Social workers rally support for displaced people in northern Ethiopia
A network of over 100 Ethiopians displaced by the conflict in the north of the country is supporting others to recover from trauma and access basic services.
Mebrat, 32, works as a social worker, supporting people displaced by the Tigray conflict in Mekelle, Ethiopia.
© UNHCR/Olga Sarrado Mur
The pain and trauma that Mebrat experienced when she fled her home has helped her in her current role as a social worker, making her better understand the plight and needs of the people she assists.
The 32-year-old mother of three never imagined she would become a symbol of hope, trust and strength for displaced Ethiopians who have found refuge in a health centre in Mekelle, the capital of the Tigray region.
“Some people tell me they can’t sleep at night.

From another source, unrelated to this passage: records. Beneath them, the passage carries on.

(* For every $\alpha\in(1/2,1/\sqrt2)$, the set $S_\alpha$ satisfies $\dim_H S_\alpha=-\log2/\log\alpha$. In particular, for $h\in(1,2)$ and $\alpha=2^{-1/h}$, $\dim_H S_\alpha=h$.
   Context: Let $\mathcal{R}$ be counterclockwise rotation by $\pi/2$, $\mathcal{R}(x_1,x_2)=(-x_2,x_1)$. For $\alpha\in(1/2,1/\sqrt2)$ let $F_1(x)=(1,0)+\alpha\mathcal{R}x$, $F_2(x)=(-1,0)+\alpha\mathcal{R}x$, and for a finite word $w=(w_1,\dots,w_k)\in\{1,2\}^k$ let $F_w=F_{w_1}\circ\cdots\circ F_{w_k}$ ($F_\emptyset=\mathrm{Id}$). Let $I=[-1,1]\times\{0\}$. $S_\alpha$ is the compact set $S_\alpha=\overline{\bigcup_{k\ge0}\bigcup_{w\in\{1,2\}^k}F_w(I)}$, equivalently the unique nonempty compact set with $S_\alpha=I\cup F_1(S_\alpha)\cup F_2(S_\alpha)$. *)

theory Defs
  imports "HOL-Analysis.Analysis"
begin

definition hausdorff_pre :: "real \<Rightarrow> real \<Rightarrow> 'a::metric_space set \<Rightarrow> ennreal" where
  "hausdorff_pre s \<delta> A =
     (INF U \<in> {U :: nat \<Rightarrow> 'a set. A \<subseteq> (\<Union>i. U i) \<and>
                  (\<forall>i. bounded (U i) \<and> diameter (U i) \<le> \<delta>)}.
        (\<Sum>i. ennreal (diameter (U i) powr s)))"

definition hausdorff_measure :: "real \<Rightarrow> 'a::metric_space set \<Rightarrow> ennreal" where
  "hausdorff_measure s A = (SUP \<delta> \<in> {0<..}. hausdorff_pre s \<delta> A)"

definition hausdorff_dim :: "'a::metric_space set \<Rightarrow> real" where
  "hausdorff_dim A = Inf {s::real. 0 \<le> s \<and> hausdorff_measure s A = 0}"

definition rot :: "real \<times> real \<Rightarrow> real \<times> real" where
  "rot x = (- snd x, fst x)"

definition Fmap :: "real \<Rightarrow> nat \<Rightarrow> real \<times> real \<Rightarrow> real \<times> real" where
  "Fmap \<alpha> j x = (if j = 1 then (1, 0) else (-1, 0)) + \<alpha> *\<^sub>R rot x"

fun Fword :: "real \<Rightarrow> nat list \<Rightarrow> real \<times> real \<Rightarrow> real \<times> real" where
  "Fword \<alpha> [] = id"
| "Fword \<alpha> (j # w) = Fmap \<alpha> j \<circ> Fword \<alpha> w"

definition Iseg :: "(real \<times> real) set" where
  "Iseg = {(t, 0) | t. -1 \<le> t \<and> t \<le> 1}"

definition S :: "real \<Rightarrow> (real \<times> real) set" where
  "S \<alpha> = closure (\<Union>w \<in> lists {1, 2}. Fword \<alpha> w ` Iseg)"

end

theory Submission
  imports Defs "HOL-Real_Asymp.Real_Asymp"
begin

They have flashbacks of what they saw as they escaped,” she said. “I think they confide in me because I am friendly and I understand what they have been through.”
She was forced to flee her home ten months ago by truck, then on foot, walking for five days until her shoes wore out, hiding in villages and sleeping on the road with no food or money.

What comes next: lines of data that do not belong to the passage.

lemma pow_mult_coprime_factorisation:
  assumes cop: "coprime d1 d2" and ord: "order G = d1 * d2"
    and e: "e mod d1 = 1 mod d1" "d2 dvd e"
    and x: "x \<in> carrier G" and y: "y \<in> carrier G"
  shows "(x \<otimes> y) [^] e = x [^] e \<otimes> y [^] e"
proof -
  have pos: "d1 \<noteq> 0" "d2 \<noteq> 0" using ord order_pos by auto
  have "coprime d2 d1" using cop by (rule coprime_commute[THEN iffD1])
  then have sub1: "subgroup (sol d1) G" and sub2: "subgroup (sol d2) G"
    using sol_subgroup[of d1] sol_subgroup[of d2] ord pos cop by simp_all
  have decomp: "carrier G = (\<lambda>(a, b). a \<otimes> b) ` (sol d1 \<times> sol d2)"
    using sol_mult_image[OF cop pos] ord sol_order by simp
  obtain a b where a: "a \<in> sol d1" "b \<in> sol d2" "x = a \<otimes> b" using x decomp by auto
  obtain a' b' where a': "a' \<in> sol d1" "b' \<in> sol d2" "y = a' \<otimes> b'" using y decomp by auto
  have c: "a \<in> carrier G" "b \<in> carrier G" "a' \<in> carrier G" "b' \<in> carrier G"
    using a a' sol_carrier by auto
  have "b \<otimes> a' = a' \<otimes> b" using sol_projection(2)[OF cop e a'(1) a(2)] by simp
  then have "x \<otimes> y = (a \<otimes> a') \<otimes> (b \<otimes> b')"
    using c a a' by (simp add: m_assoc[symmetric]) (simp add: m_assoc)
  moreover have "a \<otimes> a' \<in> sol d1" "b \<otimes> b' \<in> sol d2"
    using a a' subgroup.m_closed[OF sub1] subgroup.m_closed[OF sub2] by auto
  ultimately have "(x \<otimes> y) [^] e = a \<otimes> a'" using sol_projection(1)[OF cop e] by simp
  moreover have "x [^] e = a" "y [^] e = a'" using sol_projection(1)[OF cop e] a a' by simp_all
  ultimately show ?thesis by simp
qed

end

section \<open>Normal p-subgroups lie in every Sylow p-subgroup\<close>

context group begin

text \<open>A finite group of p-power exponent has p-power order: a Sylow q-subgroup for another
  prime q would consist of elements whose orders divide both q^k and p^c.\<close>
lemma p_exponent_imp_p_order:
  assumes fin: "finite (carrier G)" and p: "Factorial_Ring.prime p"
    and exp: "\<And>x. x \<in> carrier G \<Longrightarrow> x [^] (p ^ c) = \<one>"
  shows "\<exists>j. order G = p ^ j"
proof -
  have n0: "order G \<noteq> 0" using fin one_closed by (auto simp: order_def)
  obtain y where y: "order G = p ^ multiplicity p (order G) * y" "\<not> p dvd y"
    using multiplicity_decompose'[of "order G" p] n0 not_prime_unit[of p] p by blast
  have "y = 1"
  proof (rule ccontr)
    assume "y \<noteq> 1"
    then obtain q where q: "Factorial_Ring.prime q" "q dvd y" using prime_factor_nat by blast
    have "q dvd order G" using q(2) y(1) by (metis dvd_mult2 mult.commute)
    then have k0: "multiplicity q (order G) > 0"
      using multiplicity_gt_zero_iff[of "order G" q] not_prime_unit[of q] n0 q by blast
    define k where "k = multiplicity q (order G)"
    have "order G = q ^ k * (order G div q ^ k)" by (simp add: k_def multiplicity_dvd)
    then have "sylow G q k (order G div q ^ k)"
      unfolding sylow_eq sylow_axioms_def using q(1) fin is_group by blast
    then obtain H where H: "subgroup H G" "card H = q ^ k" using sylow.sylow_thm by blast
    have cop: "coprime (q ^ k) (p ^ c)" using primes_coprime[OF q(1) p] q(2) y(2) by auto
    have "H \<subseteq> {\<one>}"
    proof
      fix x assume x: "x \<in> H"
      have xc: "x \<in> carrier G" using subgroup.mem_carrier[OF H(1) x] .
      have "x [^] (q ^ k) = \<one>" using subgroup_pow_card[OF fin H(1) x] H(2) by simp
      then have "x [^] (1::nat) = \<one>"
        using pow_coprime_cancel[OF xc _ _ cop, of 1] exp[OF xc] by simp
      then show "x \<in> {\<one>}" using xc by simp
    qed
    then have "card H \<le> 1" using card_mono[of "{\<one>}" H] by simp
    moreover have "q \<le> q ^ k" using self_le_power[of q k] k0 prime_ge_2_nat[OF q(1)] by (simp add: k_def)
    ultimately show False using H(2) prime_ge_2_nat[OF q(1)] by simp
  qed
  then show ?thesis using y(1) by auto
qed

lemma subgroup_p_exponent_imp_p_order:
  assumes fin: "finite (carrier G)" and p: "Factorial_Ring.prime p" and H: "subgroup H G"
    and exp: "\<And>x. x \<in> H \<Longrightarrow> x [^] (p ^ c) = \<one>"
  shows "\<exists>j. card H = p ^ j"
proof -
  interpret K: group "subgroup_generated G H" by simp
  have cK: "carrier (subgroup_generated G H) = H"
    using H subgroup.carrier_subgroup_generated_subgroup by blast
  have "\<exists>j. order (subgroup_generated G H) = p ^ j"
  proof (rule K.p_exponent_imp_p_order[OF _ p])
    show "finite (carrier (subgroup_generated G H))"
      using cK fin subgroup.subset[OF H] finite_subset by metis
    show "x [^]\<^bsub>subgroup_generated G H\<^esub> (p ^ c) = \<one>\<^bsub>subgroup_generated G H\<^esub>"
      if "x \<in> carrier (subgroup_generated G H)" for x
      using exp that cK by (simp add: pow_subgroup_generated)
  qed
  then show ?thesis using cK by (simp add: order_def)
qed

Today, she is using her pain to help others and she finds that it helps her do her job well.
“Sometimes, we just cry together.”
For the past three months, she has been working at a protection desk set up by UNHCR, the UN Refugee Agency, in the site which has become a haven for many.

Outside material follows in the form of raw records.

lemma left_ideal_add_left_multiples:
  assumes M: "left_ideal M R" and y: "y \<in> carrier R"
  shows "left_ideal {m \<oplus> r \<otimes> y | m r. m \<in> M \<and> r \<in> carrier R} R" (is "left_ideal ?K R")
proof -
  have Ms: "additive_subgroup M R" and Ml: "\<And>a x. a \<in> carrier R \<Longrightarrow> x \<in> M \<Longrightarrow> a \<otimes> x \<in> M"
    using M unfolding left_ideal_def by auto
  have Mc: "\<And>m. m \<in> M \<Longrightarrow> m \<in> carrier R" using additive_subgroup.a_Hcarr[OF Ms] .
  show ?thesis
    unfolding left_ideal_def
  proof (intro conjI ballI additive_subgroupI add.subgroupI)
    show "?K \<subseteq> carrier R" using Mc y by auto
    have "\<zero> = \<zero> \<oplus> \<zero> \<otimes> y" using y by simp
    then show "?K \<noteq> {}" using additive_subgroup.zero_closed[OF Ms] by blast
  next
    fix a assume "a \<in> ?K"
    then obtain m r where m: "m \<in> M" "r \<in> carrier R" "a = m \<oplus> r \<otimes> y" by blast
    then have "\<ominus> a = \<ominus> m \<oplus> \<ominus> r \<otimes> y" using Mc y by (simp add: l_minus minus_add)
    then show "\<ominus> a \<in> ?K" using additive_subgroup.a_inv_closed[OF Ms] m by blast
  next
    fix a b assume "a \<in> ?K" "b \<in> ?K"
    then obtain m r m' r' where m: "m \<in> M" "r \<in> carrier R" "a = m \<oplus> r \<otimes> y"
      and m': "m' \<in> M" "r' \<in> carrier R" "b = m' \<oplus> r' \<otimes> y" by blast
    then have "a \<oplus> b = (m \<oplus> m') \<oplus> (r \<oplus> r') \<otimes> y"
      using Mc y by algebra
    then show "a \<oplus> b \<in> ?K" using additive_subgroup.a_closed[OF Ms] m m' by blast
  next
    fix c a assume c: "c \<in> carrier R" and "a \<in> ?K"
    then obtain m r where m: "m \<in> M" "r \<in> carrier R" "a = m \<oplus> r \<otimes> y" by blast
    then have "c \<otimes> a = c \<otimes> m \<oplus> (c \<otimes> r) \<otimes> y" using Mc y c by (simp add: r_distr m_assoc)
    then show "c \<otimes> a \<in> ?K" using Ml[OF c] m c by blast
  qed
qed

lemma maximal_left_ideal_add_left_multiples:
  assumes M: "maximal_left_ideal M R" and y: "y \<in> carrier R" "y \<notin> M"
  shows "{m \<oplus> r \<otimes> y | m r. m \<in> M \<and> r \<in> carrier R} = carrier R" (is "?K = _")
proof -
  have "M \<subseteq> ?K"
    using additive_subgroup.a_Hcarr[OF maximal_left_idealD(1)[OF M]] y(1)
    by (force intro: exI[of _ \<zero>])
  moreover have "y \<in> ?K"
    using additive_subgroup.zero_closed[OF maximal_left_idealD(1)[OF M]] y(1)
    by (force intro: exI[of _ \<one>])
  ultimately show ?thesis
    using M y left_ideal_add_left_multiples[of M y] unfolding maximal_left_ideal_def by blast
qed

lemma left_ideal_colon:
  assumes M: "left_ideal M R" and s: "s \<in> carrier R"
  shows "left_ideal {r \<in> carrier R. r \<otimes> s \<in> M} R"
proof -
  have Ms: "additive_subgroup M R" and Ml: "\<And>a x. a \<in> carrier R \<Longrightarrow> x \<in> M \<Longrightarrow> a \<otimes> x \<in> M"
    using M unfolding left_ideal_def by auto
  show ?thesis
    unfolding left_ideal_def
  proof (intro conjI ballI additive_subgroupI add.subgroupI)
    show "{r \<in> carrier R. r \<otimes> s \<in> M} \<noteq> {}"
      using additive_subgroup.zero_closed[OF Ms] s by (auto intro!: exI[of _ \<zero>])
  qed (use s additive_subgroup.a_inv_closed[OF Ms] additive_subgroup.a_closed[OF Ms] Ml
       in \<open>auto simp: l_minus l_distr m_assoc\<close>)
qed

lemma maximal_left_ideal_colon:
  assumes M: "maximal_left_ideal M R" and s: "s \<in> carrier R" "s \<notin> M"
  shows "maximal_left_ideal {r \<in> carrier R. r \<otimes> s \<in> M} R" (is "maximal_left_ideal ?C R")
  unfolding maximal_left_ideal_def
proof (intro conjI allI impI)
  show "left_ideal ?C R"
    using M s unfolding maximal_left_ideal_def by (blast intro: left_ideal_colon)
  show "?C \<noteq> carrier R" using s by (metis (no_types, lifting) l_one mem_Collect_eq one_closed)
  fix K assume K: "left_ideal K R \<and> ?C \<subseteq> K"
  have Ks: "additive_subgroup K R" and Kl: "\<And>a x. a \<in> carrier R \<Longrightarrow> x \<in> K \<Longrightarrow> a \<otimes> x \<in> K"
    using K unfolding left_ideal_def by auto
  have Kc: "K \<subseteq> carrier R" using additive_subgroup.a_subset[OF Ks] .
  have "K = carrier R" if "K \<noteq> ?C"
  proof -
    have "\<not> K \<subseteq> ?C" using that K by blast
    then obtain k where k: "k \<in> K" "k \<notin> ?C" by blast
    then have kc: "k \<in> carrier R" and ks: "k \<otimes> s \<notin> M" using Kc by auto
    have "t \<in> K" if t: "t \<in> carrier R" for t
    proof -
      \<comment> \<open>write \<open>t s = m + b k s\<close>; then \<open>t - b k\<close> lies in the colon ideal, hence in \<open>K\<close>\<close>
      obtain m b where m: "m \<in> M" "b \<in> carrier R" "t \<otimes> s = m \<oplus> b \<otimes> (k \<otimes> s)"
        using maximal_left_ideal_add_left_multiples[OF M _ ks] t s kc by blast
      have mc: "m \<in> carrier R"
        using m(1) additive_subgroup.a_Hcarr[OF maximal_left_idealD(1)[OF M]] by blast
      have "(t \<ominus> b \<otimes> k) \<otimes> s = m"
      proof -
        have "(t \<ominus> b \<otimes> k) \<otimes> s = t \<otimes> s \<ominus> b \<otimes> (k \<otimes> s)"
          using t m(2) kc s by algebra
        then show ?thesis
          using m mc kc s by (simp add: a_minus_def a_assoc r_neg)
      qed
      then have "t \<ominus> b \<otimes> k \<in> K" using K m t kc by auto
      then have "(t \<ominus> b \<otimes> k) \<oplus> b \<otimes> k \<in> K"
        using additive_subgroup.a_closed[OF Ks] Kl[OF m(2) k(1)] by blast
      moreover have "(t \<ominus> b \<otimes> k) \<oplus> b \<otimes> k = t"
        using t m(2) kc by algebra
      ultimately show ?thesis by simp
    qed
    then show "K = carrier R" using Kc by blast
  qed
  then show "K = ?C \<or> K = carrier R" by blast
qed

lemma jacobson_radical_ideal: "ideal (jacobson_radical R) R"
proof -
  let ?J = "jacobson_radical R"
  have mem: "x \<in> ?J \<longleftrightarrow> x \<in> carrier R \<and> (\<forall>M. maximal_left_ideal M R \<longrightarrow> x \<in> M)" for x
    unfolding jacobson_radical_def by auto
  note sub = maximal_left_idealD(1)
  show ?thesis
  proof (rule idealI[OF ring_axioms])
    show "subgroup ?J (add_monoid R)"
    proof (rule add.subgroupI)
      have "\<zero> \<in> ?J" by (auto simp: mem dest: sub intro: additive_subgroup.zero_closed)
      then show "?J \<noteq> {}" by blast
    qed (auto simp: mem dest: sub intro: additive_subgroup.a_inv_closed additive_subgroup.a_closed)
  next
    fix a x assume a: "a \<in> ?J" and x: "x \<in> carrier R"
    show "x \<otimes> a \<in> ?J" using a x by (auto simp: mem dest: maximal_left_idealD(2))
    show "a \<otimes> x \<in> ?J"
      unfolding mem
    proof (intro conjI allI impI)
      show "a \<otimes> x \<in> carrier R" using a x by (simp add: mem)
      fix M assume M: "maximal_left_ideal M R"
      show "a \<otimes> x \<in> M"
      proof (cases "x \<in> M")
        case True
        then show ?thesis using a maximal_left_idealD(2)[OF M] by (simp add: mem)
      next
        case False
        with a mem maximal_left_ideal_colon[OF M x] show ?thesis by blast
      qed
    qed
  qed
qed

“People of all ages come to ask for food, diapers, sanitary napkins, milk,” she said. “By helping them, we are ensuring that everyone gets the support they need most.”
In Northern Ethiopia, the fighting over the last 12 months has created a humanitarian crisis that has forced millions to flee their homes in search of safety. Up to 8 million people urgently need food, water and other aid. The conflict has made it increasingly difficult to reach people in need, as security conditions in some areas continue to deteriorate.
Mebrat receives about ten visitors daily and keeps the small room where the protection desk is housed clean and tidy.
“I advise them based on my experience. I am honest with them and I tell them they are not alone. Sometimes, we just cry together,” she said.
Her background is in business management – a profession she worked hard at for years.
“I came from a poor family so I would sell tea in the morning and study at night. But with hard work, I built a family and became a professional,” she said proudly.
“Social workers really support the physical and mental wellbeing of the displaced.”
In addition to distributing blankets, kitchen utensils and shelter materials to internally displaced people (IDPs) in the Amhara, Afar and Tigray regions in northern Ethiopia, UNHCR has set up a network of more than 50 protection desks, which are accessible to over half a million IDPs – with plans to expand to meet new displacement needs. Social workers like Mebrat serve a crucial role, linking them with service providers including humanitarian agencies.
“Social workers are very close to the community, and we value their presence as they really support the physical and mental wellbeing of the displaced,” said Seda Kuzucu, UNHCR’s Senior Emergency Coordinator.
She explained how they help improve the humanitarian response by identifying needs and gathering relevant information which is useful in referring urgent cases for assistance.
“They provide a form of psychological first aid as many people are suffering from depression and anxiety due to the trauma they underwent, and the stress of an uncertain future.”
Like Mebrat, Teklit fled his home with his wife and two-year-old son. He lost friends on the way, witnessed killings, escaped shelling, spent nights hiding in the bush and walked for days in search of safety. But in his current role, he has found new hope.
“I wanted to help solve the problems of my community. This work is also helping me sustain my family and I keep learning every day,” he adds.
His experience in sports is making a difference as he keeps people, especially the youth, engaged through football and volleyball tournaments.
“I developed skills as a sports teacher that I am now putting into practice,” he said. “I used to tell my students to live for today and not to worry about tomorrow. No matter how hard the situation is, it will pass. I believe it deeply and I try to pass that message on to my community.
Teklit has become like a big brother to some 25 unaccompanied and separated children hosted at the site.
“I help identify the best way they can be assisted but the most important thing is to keep them busy and active. We play sports, we laugh, we dance. This is what fulfils me the most,” he said
His wife is his greatest supporter.
“When I am stressed, she advises me. She is my social worker!” he said with a laugh.
“We play sports, we laugh, we dance. This is what fulfils me the most.”
Although the social workers do as much as they can, they agree that it can be frustrating to not be able to do more.
“Our work is very challenging as we don’t always have the answers,” Mebrat said. “Sometimes people just want food, which we don’t have enough of. However, we do our best to ensure that any form of humanitarian aid reaches those most in need.”
They are encouraged by the critical role they play.
“This work helps me too as I have also suffered a lot. It reminds me I am still alive and healthy and I can help my community,” adds Mebrat said.
She dreams of returning home when there is peace.
“Peace is important for all of us to recover fully. With peace, I know I can achieve anything I want and I will have a brighter future.”